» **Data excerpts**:

──────────────────────────────

lemma velocity_tendsto_zero:
  assumes i: "i \<in> normal" shows "(\<lambda>k. v k i) \<longlonglongrightarrow> 0"
proof -
  obtain c where c: "(\<lambda>k. x k i) \<longlonglongrightarrow> c" using consensus i by blast
  have "(\<lambda>k. \<bar>coupling k i\<bar>) \<longlonglongrightarrow> 0"
  proof (rule real_tendsto_sandwich[OF _ _ tendsto_const spread_tendsto_zero])
    show "\<forall>\<^sub>F k in sequentially. 0 \<le> \<bar>coupling k i\<bar>" by simp
    show "\<forall>\<^sub>F k in sequentially. \<bar>coupling k i\<bar> \<le> Vmax k - Vmin k"
      using coupling_le_spread[OF i] by (simp add: always_eventually)
  qed
  then have coupling: "(\<lambda>k. coupling k i) \<longlonglongrightarrow> 0" by (rule tendsto_rabs_zero_cancel)
  have "(\<lambda>k. x (Suc k) i - x k i - T\<^sup>2 / 2 * coupling k i) \<longlonglongrightarrow> c - c - T\<^sup>2 / 2 * 0"
    using tendsto_diff[OF tendsto_diff[OF LIMSEQ_Suc[OF c] c]
        tendsto_mult[OF tendsto_const coupling]] .
  then have "(\<lambda>k. (x (Suc k) i - x k i - T\<^sup>2 / 2 * coupling k i) / (T * (1 - \<alpha> * T / 2)))
      \<longlonglongrightarrow> (c - c - T\<^sup>2 / 2 * 0) / (T * (1 - \<alpha> * T / 2))"
    using T_pos damping_bounds by (intro tendsto_divide tendsto_const) simp_all
  moreover have "v k i = (x (Suc k) i - x k i - T\<^sup>2 / 2 * coupling k i) / (T * (1 - \<alpha> * T / 2))"
    for k
  proof -
    have "x (Suc k) i - x k i - T\<^sup>2 / 2 * coupling k i = T * (1 - \<alpha> * T / 2) * v k i"
      using position[OF i, of k]
        unfolding input_eq[OF i, of k] by (simp add: algebra_simps power2_eq_square)
    then show ?thesis using T_pos damping_bounds by simp
  qed
  ultimately show ?thesis by simp
qed

lemma resilient_consensus:
  defines "B \<equiv> \<Sum>i \<in> normal. \<bar>x 0 i\<bar> + T * \<bar>v 0 i\<bar>"
  shows "(\<forall>k. \<forall>i \<in> normal. - B \<le> x k i \<and> x k i \<le> B) \<and>
    (\<exists>c. - B \<le> c \<and> c \<le> B \<and> (\<forall>i \<in> normal. (\<lambda>k. x k i) \<longlonglongrightarrow> c \<and> (\<lambda>k. v k i) \<longlonglongrightarrow> 0))"
proof -
  have conf: "confined normal x k (- B) B" for k
    using confined_later[OF confined_initial[folded B_def]] by simp
  obtain c where c: "\<forall>k. Vmin k \<le> c \<and> c \<le> Vmax k" "\<forall>i \<in> normal. (\<lambda>k. x k i) \<longlonglongrightarrow> c"
    using consensus by blast
  have "- B \<le> c" "c \<le> B" using c(1) confined_bounds_V[OF conf[of 0]] by (meson order_trans)+
  then show ?thesis using conf c(2) velocity_tendsto_zero unfolding confined_def by blast
qed

end

context dpmsr_params
begin

lemma dpmsr_run_of_traj:
  assumes "M \<subseteq> {1..n}" "card M \<le> f" "dpmsr_traj n E a f T \<alpha> M x v u"
  obtains U L where "dpmsr_run n f E a \<gamma> T \<alpha> M x v u U L"
proof -
  let ?law = "\<lambda>k i p. upper_removed f (nbrs E i) (\<lambda>j. x k j - x k i) (fst p) \<and>
      lower_removed f (nbrs E i) (\<lambda>j. x k j - x k i) (snd p) \<and>
      u k i = - (\<Sum>j \<in> nbrs E i - (fst p \<union> snd p). a i j * (x k i - x k j)) - \<alpha> * v k i"
  have law_exists: "\<exists>p. ?law k i p" if i: "i \<in> {1..n} - M" for k i
  proof -
    obtain U L where "?law k i (U, L)"
      using bspec[OF spec[OF conjunct2[OF assms(3)[unfolded dpmsr_traj_def]], of k] i] by auto
    then show ?thesis by (rule exI)
  qed
  define p where "p k i = (SOME p. ?law k i p)" for k i
  have p: "?law k i (p k i)" if "i \<in> {1..n} - M" for k i
    unfolding p_def by (rule someI_ex) (rule law_exists[OF that])
  show thesis
  proof (rule that, intro dpmsr_run.intro dpmsr_params_axioms dpmsr_run_axioms.intro assms(1,2))
    fix k i assume i: "i \<in> {1..n} - M"
    show "x (Suc k) i = x k i + T * v k i + T\<^sup>2 / 2 * u k i" "v (Suc k) i = v k i + T * u k i"
      using assms(3) i unfolding dpmsr_traj_def by blast+
    show "upper_removed f (nbrs E i) (\<lambda>j. x k j - x k i) (fst (p k i))"
      "lower_removed f (nbrs E i) (\<lambda>j. x k j - x k i) (snd (p k i))"
      "u k i = - (\<Sum>j \<in> kept E (\<lambda>k i. fst (p k i)) (\<lambda>k i. snd (p k i)) k i. a i j * (x k i - x k j))
        - \<alpha> * v k i"
      using p[OF i] unfolding kept_def by simp_all
  qed
qed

──────────────────────────────

» **Activity**:
In the answer, give the lines from the first line of the data through the line with "i = (x (Suc", exactly as they appear and with no additions.

» **Answer to the exercise**:
lemma velocity_tendsto_zero:
  assumes i: "i \<in> normal" shows "(\<lambda>k. v k i) \<longlonglongrightarrow> 0"
proof -
  obtain c where c: "(\<lambda>k. x k i) \<longlonglongrightarrow> c" using consensus i by blast
  have "(\<lambda>k. \<bar>coupling k i\<bar>) \<longlonglongrightarrow> 0"
  proof (rule real_tendsto_sandwich[OF _ _ tendsto_const spread_tendsto_zero])
    show "\<forall>\<^sub>F k in sequentially. 0 \<le> \<bar>coupling k i\<bar>" by simp
    show "\<forall>\<^sub>F k in sequentially. \<bar>coupling k i\<bar> \<le> Vmax k - Vmin k"
      using coupling_le_spread[OF i] by (simp add: always_eventually)
  qed
  then have coupling: "(\<lambda>k. coupling k i) \<longlonglongrightarrow> 0" by (rule tendsto_rabs_zero_cancel)
  have "(\<lambda>k. x (Suc k) i - x k i - T\<^sup>2 / 2 * coupling k i) \<longlonglongrightarrow> c - c - T\<^sup>2 / 2 * 0"
    using tendsto_diff[OF tendsto_diff[OF LIMSEQ_Suc[OF c] c]
        tendsto_mult[OF tendsto_const coupling]] .
  then have "(\<lambda>k. (x (Suc k) i - x k i - T\<^sup>2 / 2 * coupling k i) / (T * (1 - \<alpha> * T / 2)))
      \<longlonglongrightarrow> (c - c - T\<^sup>2 / 2 * 0) / (T * (1 - \<alpha> * T / 2))"
    using T_pos damping_bounds by (intro tendsto_divide tendsto_const) simp_all
  moreover have "v k i = (x (Suc k) i - x k i - T\<^sup>2 / 2 * coupling k i) / (T * (1 - \<alpha> * T / 2))"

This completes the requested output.